アル様が鍬を振り上げるたび、護衛の騎士がそわそわと顔を出すのだ。
王子の見たくもない姿を見守らないといけないなんて苦行でしかない。
「どうですか、様子は」
「トールさん」
アル様を押し付けていった騎士様だ。
王様付きの騎士で、普通の護衛騎士より位は高いらしい。
「喜んで作業していただけるので、助かることは助かるのですが」
「おや、いいではありませんか」
「金髪が気になるのと……護衛の騎士様が不憫で」
「ふふ、いいんですよ仕事ですから。家主様に気取られるなんて気が抜けています。気配を消すように後でしっかり伝えておきますね」
爽やかにトールさんは言う。笑顔が相変わらず怖い。
「金髪は慣れていただくか、何かハンカチーフなど巻いてしまうのもよいかもしれませんね」
そんなもの我が家にはない。
少し考えてみます、とだけ答えた。
「王子様の滞在はどの程度になるのでしょうか」
はしゃぐアル様には聞きにくいのだ。
「私からはなんとも申し上げられませんが、王子殿下が満足されるか、国の行事などで陛下から城へ戻れと言われれば殿下は従うでしょう」
「国の行事、ですか」
「はい。例えば、殿下はまだ婚約されておられませんが、もし急に婚約者が決まるなどあれば陛下は戻るよう指示されると思います」
王子様の婚約者ならどこかの国のお姫様だったり高貴な家のご令嬢だったりするわけだろ。

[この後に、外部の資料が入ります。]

(* Let $\|\cdot\|_W$ be the wedge norm on $\mathbb{R}^p$, with allowed sets $S=\{1,\dots,s\}$, $s\in\{1,\dots,p-1\}$, and associated norms $\Omega^{S^c}$ as in the context. Fix $J\subset\{1,\dots,p\}$ and let $g$ be the gauge norm described in the context. Then $g(\beta)=\|\beta\|_1$ for all $\beta\in\mathbb{R}^p$.
   Context: Let $\mathcal{A}:=\{a\in\mathbb{R}^p: a_j>0 \ \forall j,\ a_1\ge a_2\ge\dots\ge a_p\}$ and $\|\beta\|_W:=\inf_{a\in\mathcal{A}}\frac12\sum_{j=1}^p\big(\beta_j^2/a_j+a_j\big)$. For $S=\{1,\dots,s\}$ let $\mathcal{A}_{S^c}:=\{(a_j)_{j\in S^c}:a\in\mathcal{A}\}$ and $\Omega^{S^c}(\beta_{S^c}):=\inf_{a\in\mathcal{A}_{S^c}}\frac12\sum_{j\in S^c}\big(\beta_j^2/a_j+a_j\big)$; then $\|\beta_S\|_W+\Omega^{S^c}(\beta_{S^c})\le\|\beta\|_W$ for all $\beta$, and $\Upsilon_S(\beta):=\|\beta_S\|_W+\Omega^{S^c}(\beta_{S^c})$. Here $\beta_S$ has entries $\beta_j1\{j\in S\}$. Let $\beta_{f(J)}:=\beta_J-\beta_{J^{c}}$, $\mathrm{flip}_J(B):=\{\beta_{f(J)}:\beta\in B\}$, $\overline{B}:=\bigcup_{S\text{ allowed}}\{\beta:\Upsilon_S(\beta)\le1\}$, $B_g:=\mathrm{Conv}(\overline{B}\cup\mathrm{flip}_J(\overline{B}))$, and $g(x):=\inf\{t>0:x\in tB_g\}$. *)

theory Defs
  imports "HOL-Analysis.Analysis"
begin

text \<open>Vectors of R^p are represented as functions nat => real whose support lies in {1..p}.\<close>

definition Rp :: "nat \<Rightarrow> (nat \<Rightarrow> real) set" where
  "Rp p = {\<beta>. \<forall>j. j \<notin> {1..p} \<longrightarrow> \<beta> j = 0}"

definition wedge_cone :: "nat \<Rightarrow> (nat \<Rightarrow> real) set" where
  "wedge_cone p = {a. (\<forall>j\<in>{1..p}. a j > 0) \<and>
                       (\<forall>i j. 1 \<le> i \<longrightarrow> i \<le> j \<longrightarrow> j \<le> p \<longrightarrow> a j \<le> a i)}"

definition wedge_norm :: "nat \<Rightarrow> (nat \<Rightarrow> real) \<Rightarrow> real" where
  "wedge_norm p \<beta> = Inf {(1/2) * (\<Sum>j=1..p. \<beta> j ^ 2 / a j + a j) | a. a \<in> wedge_cone p}"

definition restr :: "nat set \<Rightarrow> (nat \<Rightarrow> real) \<Rightarrow> (nat \<Rightarrow> real)" where
  "restr S \<beta> = (\<lambda>j. if j \<in> S then \<beta> j else 0)"

text \<open>Omega^{S^c}, S = {1..s}: infimum over A_{S^c} = projections of A onto S^c = {s+1..p}.\<close>
definition Omega_c :: "nat \<Rightarrow> nat \<Rightarrow> (nat \<Rightarrow> real) \<Rightarrow> real" where
  "Omega_c p s \<beta> = Inf {(1/2) * (\<Sum>j\<in>{s+1..p}. \<beta> j ^ 2 / a j + a j) | a. a \<in> wedge_cone p}"

definition Upsilon :: "nat \<Rightarrow> nat \<Rightarrow> (nat \<Rightarrow> real) \<Rightarrow> real" where
  "Upsilon p s \<beta> = wedge_norm p (restr {1..s} \<beta>) + Omega_c p s \<beta>"

definition flip :: "nat set \<Rightarrow> (nat \<Rightarrow> real) \<Rightarrow> (nat \<Rightarrow> real)" where
  "flip J \<beta> = (\<lambda>j. restr J \<beta> j - restr (- J) \<beta> j)"

text \<open>Allowed sets are S = {1..s}, s in {1..p-1}.\<close>
definition Bbar :: "nat \<Rightarrow> (nat \<Rightarrow> real) set" where
  "Bbar p = (\<Union>s\<in>{1..p-1}. {\<beta> \<in> Rp p. Upsilon p s \<beta> \<le> 1})"

definition conv_comb :: "(nat \<Rightarrow> real) set \<Rightarrow> (nat \<Rightarrow> real) set" where
  "conv_comb X = {y. \<exists>(n::nat) c v. (\<forall>i<n. c i \<ge> 0 \<and> v i \<in> X) \<and> (\<Sum>i<n. c i) = 1 \<and>
                         y = (\<lambda>j. \<Sum>i<n. c i * v i j)}"

definition Bg :: "nat \<Rightarrow> nat set \<Rightarrow> (nat \<Rightarrow> real) set" where
  "Bg p J = conv_comb (Bbar p \<union> flip J ` Bbar p)"

definition gauge_g :: "nat \<Rightarrow> nat set \<Rightarrow> (nat \<Rightarrow> real) \<Rightarrow> real" where
  "gauge_g p J x = Inf {t. t > 0 \<and> x \<in> (\<lambda>v. (\<lambda>j. t * v j)) ` Bg p J}"

end

theory Submission
  imports Defs
begin

text \<open>Every point of the unit ball B_g has l1-norm at most 1: by the AM-GM inequality
  |b| \<le> (b^2/a + a)/2 each Upsilon_S dominates the l1-norm, the l1-norm is invariant under
  sign flips and its sublevel sets are convex. Conversely every signed unit vector
  \<sigma> e_i with |\<sigma>| \<le> 1 lies in Bbar: take S = {1..i-1} (or S = {1} when i = 1), so that
  \<sigma> e_i sits at the first coordinate of its block, where the weights a_j = |\<sigma>| + \<delta>
  (j \<le> i), a_j = \<delta> (j > i) are admissible and cost |\<sigma>| + O(\<delta>). Hence B_g is exactly
  the l1 unit ball, whose gauge is the l1-norm.\<close>

definition wedge_cost :: "nat set \<Rightarrow> (nat \<Rightarrow> real) \<Rightarrow> (nat \<Rightarrow> real) \<Rightarrow> real" where
  "wedge_cost A \<beta> a = (1/2) * (\<Sum>j\<in>A. \<beta> j ^ 2 / a j + a j)"

lemma wedge_norm_eq_Inf_cost: "wedge_norm p \<beta> = Inf (wedge_cost {1..p} \<beta> ` wedge_cone p)"
  unfolding wedge_norm_def wedge_cost_def Setcompr_eq_image ..

lemma Omega_c_eq_Inf_cost: "Omega_c p s \<beta> = Inf (wedge_cost {s+1..p} \<beta> ` wedge_cone p)"
  unfolding Omega_c_def wedge_cost_def Setcompr_eq_image ..

lemma abs_le_half_sq_div_plus:
  fixes a b :: real
  assumes "a > 0"
  shows "\<bar>b\<bar> \<le> (b^2 / a + a) / 2"
proof -
  have "2 * a * \<bar>b\<bar> \<le> b^2 + a^2"
    using sum_squares_bound[of "\<bar>b\<bar>" a] by (simp add: power2_eq_square algebra_simps)
  moreover have "b^2 / a + a = (b^2 + a^2) / a"
    using assms by (simp add: field_simps power2_eq_square)
  ultimately show ?thesis
    using assms by (simp add: field_simps)
qed

lemma const_in_wedge_cone: "(\<delta>::real) > 0 \<Longrightarrow> (\<lambda>_. \<delta>) \<in> wedge_cone p"
  unfolding wedge_cone_def by auto

lemma l1_le_wedge_cost:
  assumes "a \<in> wedge_cone p" "A \<subseteq> {1..p}"
  shows "(\<Sum>j\<in>A. \<bar>\<beta> j\<bar>) \<le> wedge_cost A \<beta> a"
proof -
  have "(\<Sum>j\<in>A. \<bar>\<beta> j\<bar>) \<le> (\<Sum>j\<in>A. (\<beta> j ^ 2 / a j + a j) / 2)"
  proof (rule sum_mono)
    fix j assume "j \<in> A"
    then have "a j > 0" using assms unfolding wedge_cone_def by auto
    then show "\<bar>\<beta> j\<bar> \<le> (\<beta> j ^ 2 / a j + a j) / 2" by (rule abs_le_half_sq_div_plus)
  qed
  then show ?thesis
    by (simp add: wedge_cost_def sum_divide_distrib)
qed

lemma l1_le_Inf_wedge_cost:
  assumes "A \<subseteq> {1..p}"
  shows "(\<Sum>j\<in>A. \<bar>\<beta> j\<bar>) \<le> Inf (wedge_cost A \<beta> ` wedge_cone p)"
  using const_in_wedge_cone[of 1 p] l1_le_wedge_cost[OF _ assms]
  by (intro cInf_greatest) auto

lemma Inf_wedge_cost_le:
  assumes "a \<in> wedge_cone p" "A \<subseteq> {1..p}"
  shows "Inf (wedge_cost A \<beta> ` wedge_cone p) \<le> wedge_cost A \<beta> a"
proof (rule cInf_lower)
  have "0 \<le> wedge_cost A \<beta> a'" if "a' \<in> wedge_cone p" for a'
    by (rule order_trans[OF sum_nonneg l1_le_wedge_cost[OF that assms(2)]]) simp
  then show "bdd_below (wedge_cost A \<beta> ` wedge_cone p)"
    by (intro bdd_belowI[of _ 0]) auto
qed (use assms in auto)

アル様の日焼けした顔や髪や虫刺され痕などを見たらどう思うことだろう!
そしてそれが俺の畑で農作業してたからだなんてバレた日には!
さあっと血の気が引いた。
「トールさん! 早急に用意してほしいんですけど!」
次の日、大きな麦わら帽子と長い手袋、厚手の農作業着が届けられた。
「これは?」
「農民の制服みたいなもので身を守るために欠かせないんです」
主に俺の。
王子の完全防備の農民姿に護衛騎士はまた顔を出したけれども、仕事として割り切ってほしい。
俺も自分が大事なんだ。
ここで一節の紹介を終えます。